2.2. Model Development

All the models discussed in this section could be downloaded from the Supplementary Materials file (Models S4).

First, baseline predictive models using the cleaned dataset were developed, applying default settings of nodes. All models discussed here were validated using a 10-fold cross-validation technique (see details in Materials and Methods section). Statistical characteristics and observed vs. predictive plots for baseline models are presented in Figure 3. As could be seen, baseline models for MLR and NN reported multiple cases of negative values of T_C (such values of temperatures are physically impossible). Hamidieh [1] had a similar observation for their MLR and XGBoost models. XGBoost and RF baseline models predicted values for T_C in the positive range of temperatures (from 0 K to 140 K).
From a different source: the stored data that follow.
lemma uniform_limit_sets_through_above:
  "uniform_limit UNIV (\<lambda>n x. infsum (\<lambda>V. Phi V x) (sets_through_above i (- int n)))
     (hamiltonian Phi {i}) sequentially"
proof (rule uniform_limitI)
  fix \<epsilon> :: real assume "\<epsilon> > 0"
  then obtain N where N: "\<And>n. N \<le> n \<Longrightarrow>
      infsum (\<lambda>V. supnorm (Phi V)) (sets_meeting {i} - sets_through_above i (- int n)) \<le> \<epsilon>/2"
    using supnorm_tail_sets_through_above[of "\<epsilon>/2"] by auto
  show "\<forall>\<^sub>F n in sequentially. \<forall>x\<in>UNIV. dist (infsum (\<lambda>V. Phi V x) (sets_through_above i (- int n)))
          (hamiltonian Phi {i} x) < \<epsilon>"
  proof (intro eventually_sequentiallyI[of N] ballI)
    fix n x assume "N \<le> n"
    define B where "B = sets_meeting {i} - sets_through_above i (- int n)"
    have "hamiltonian Phi {i} x =
        infsum (\<lambda>V. Phi V x) (sets_through_above i (- int n)) + infsum (\<lambda>V. Phi V x) B"
      unfolding hamiltonian_eq_infsum B_def
      by (rule infsum_Phi_split[of "{i}"]) (simp_all add: sets_through_above_subset)
    moreover have "\<bar>infsum (\<lambda>V. Phi V x) B\<bar> \<le> \<epsilon>/2"
      using abs_infsum_Phi_le[of "{i}" B x] N[OF \<open>N \<le> n\<close>] unfolding B_def by simp
    ultimately show "dist (infsum (\<lambda>V. Phi V x) (sets_through_above i (- int n))) (hamiltonian Phi {i} x) < \<epsilon>"
      using \<open>\<epsilon> > 0\<close> by (simp add: dist_real_def)
  qed
qed

lemma infsum_sets_with_min_in_update:
  assumes "a \<le> i" "i \<le> b"
  shows "infsum (\<lambda>W. Phi W (x(i := s))) (sets_with_min_in {a..b}) =
           infsum (\<lambda>W. Phi W (x(i := s))) (sets_through_above i a) +
           infsum (\<lambda>W. Phi W x) (sets_with_min_in {a..b} - sets_meeting {i})"
  using infsum_Phi_update[OF _ sets_with_min_in_subset, of "{a..b}"]
  by (simp add: sets_with_min_in_Int_sets_meeting[OF assms])

end

lemma image_int_minus_lessThan: "(\<lambda>k. int k - int p) ` {..<n} = {- int p..<int n - int p}"
proof (intro equalityI subsetI)
  fix j assume "j \<in> {- int p..<int n - int p}"
  then show "j \<in> (\<lambda>k. int k - int p) ` {..<n}"
    by (intro image_eqI[of _ _ "nat (j + int p)"]) auto
qed auto
lemma dcoset_outside_gap:
  assumes gap: "l = 0 \<or> l + n \<le> m" and gap_odd: "odd (m + n) \<Longrightarrow> l = 0 \<or> l + n < m"
    and X: "X \<in> dcoset W_Lambda1 (winv (wminus n)) (wplus m) W_Lambda0"
  shows "reduced X \<and> (int l \<le> coord X \<or> coord X < - int l)"
proof -
  obtain a \<sigma> b where X_eq: "X = wmult (wmult (wmult a \<sigma>) (wplus m)) b"
    and a: "a = [] \<or> a = [0]" and b: "b = [] \<or> b = [1]"
    and \<sigma>: "\<sigma> \<in> bruhat_ideal (winv (wminus n))"
    using X unfolding dcoset_def W_Lambda0_def W_Lambda1_def by blast
  have \<sigma>_cases: "reduced \<sigma>" "length \<sigma> < n \<or> \<sigma> = winv (wminus n)"
    using \<sigma> bruhat_ideal_iff[OF reduced_winv_wminus] by auto
  define y where "y = int m + coord b"
  have y: "y = int m \<or> y = int m + 1"
    using b by (auto simp: y_def coord_def)
  have "foldr reflect (wplus m) (coord b) = (-1) ^ m * y"
    by (simp add: foldr_reflect_affine coord_wplus y_def algebra_simps)
  then have "foldr reflect \<sigma> (foldr reflect (wplus m) (coord b))
      = (-1) ^ (length \<sigma> + m) * y + coord \<sigma>"
    by (simp add: foldr_reflect_affine power_add)
  moreover have "(length \<sigma> < n \<and> \<bar>coord \<sigma>\<bar> = int (length \<sigma>)) \<or> (length \<sigma> = n \<and> coord \<sigma> = int n)"
    using \<sigma>_cases abs_coord_reduced coord_winv_wminus by auto
  ultimately have "int l \<le> foldr reflect \<sigma> (foldr reflect (wplus m) (coord b))
      \<or> foldr reflect \<sigma> (foldr reflect (wplus m) (coord b)) < - int l"
    using outside_gap_arith[OF _ y gap gap_odd] by metis
  then have "int l \<le> coord X \<or> coord X < - int l"
    unfolding X_eq coord_dcoset_element using a by auto
  moreover have "reduced X"
    unfolding X_eq using a b \<sigma>_cases(1)
    by (intro reduced_wmult reduced_wplus) (auto simp: reduced_Cons)
  ultimately show ?thesis by blast
qed

lemma dcosetI:
  "a \<in> A \<Longrightarrow> \<sigma> \<in> bruhat_ideal x \<Longrightarrow> b \<in> B \<Longrightarrow> wmult (wmult (wmult a \<sigma>) y) b \<in> dcoset A x y B"
  unfolding dcoset_def by blast

lemma wplus_in_dcoset:
  assumes l: "even l" "l \<le> m" "m \<le> l + n + 1"
  shows "wplus l \<in> dcoset W_Lambda1 (winv (wminus n)) (wplus m) W_Lambda0"
proof (cases "l = m")
  case True
  have "wplus m = wmult (wmult (wmult [] []) (wplus m)) []"
    by (simp add: wmult_def ev_reduced reduced_wplus)
  moreover have "[] \<in> bruhat_ideal (winv (wminus n))"
    using bruhat_ideal_iff[OF reduced_winv_wminus, of "[]" n]
    by (cases n) (simp_all add: winv_def wminus_def)
  ultimately show ?thesis
    unfolding True by (metis dcosetI W_Lambda0_def W_Lambda1_def insertI1)
next
  case False
  define j where "j = m - l - 1"
  define X where "X = wmult (wmult (wmult [0] (winv (wminus j))) (wplus m)) []"
  have j: "int j = int m - int l - 1" "odd (j + m)"
    using l False by (auto simp: j_def)
  have "coord X = -1 - ((-1) ^ j * ((-1) ^ m * int m) + int j)"
    by (simp add: X_def coord_dcoset_element foldr_reflect_affine coord_wplus coord_winv_wminus)
  also have "\<dots> = -1 - ((-1) ^ (j + m) * int m + int j)"
    by (simp add: power_add)
  also have "\<dots> = int l"
    using j by simp
  finally have "coord X = coord (wplus l)"
    using l(1) by (simp add: coord_wplus)
  moreover have "reduced X"
    unfolding X_def by (intro reduced_wmult reduced_winv_wminus reduced_wplus) (simp_all add: reduced_Cons)
  ultimately have "X = wplus l"
    using coord_inj reduced_wplus by blast
  moreover have "j \<le> n"
    using l by (simp add: j_def)
  then have "winv (wminus j) \<in> bruhat_ideal (winv (wminus n))"
    using bruhat_ideal_iff[OF reduced_winv_wminus] reduced_winv_wminus[of j]
    by (cases "j = n") auto
  ultimately show ?thesis
    unfolding X_def W_Lambda0_def W_Lambda1_def by (metis dcosetI insertI1 insertI2)
qed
At the same time, however, XGBoost and RF baseline models overpredicted values of Tc in a zone of low-temperature superconductors.

Next, we decreased the number of attributes as the relative importance of key attributes that could be influenced by co-dependent attributes in the dataset. To reduce the influence of unwanted co-dependencies, we used such preselection techniques, as weight by correlation, weight by relief, and weight by PCA. For the PCA, we found that the cumulative proportion of variance became optimal for 3 components (refer to Supplementary Materials, Figure S3). Finally, we identified and removed 685 outliers and repeated the modeling. Statistical characteristics of developed models are presented in Table 1, Table 2, Table 3 and Table 4.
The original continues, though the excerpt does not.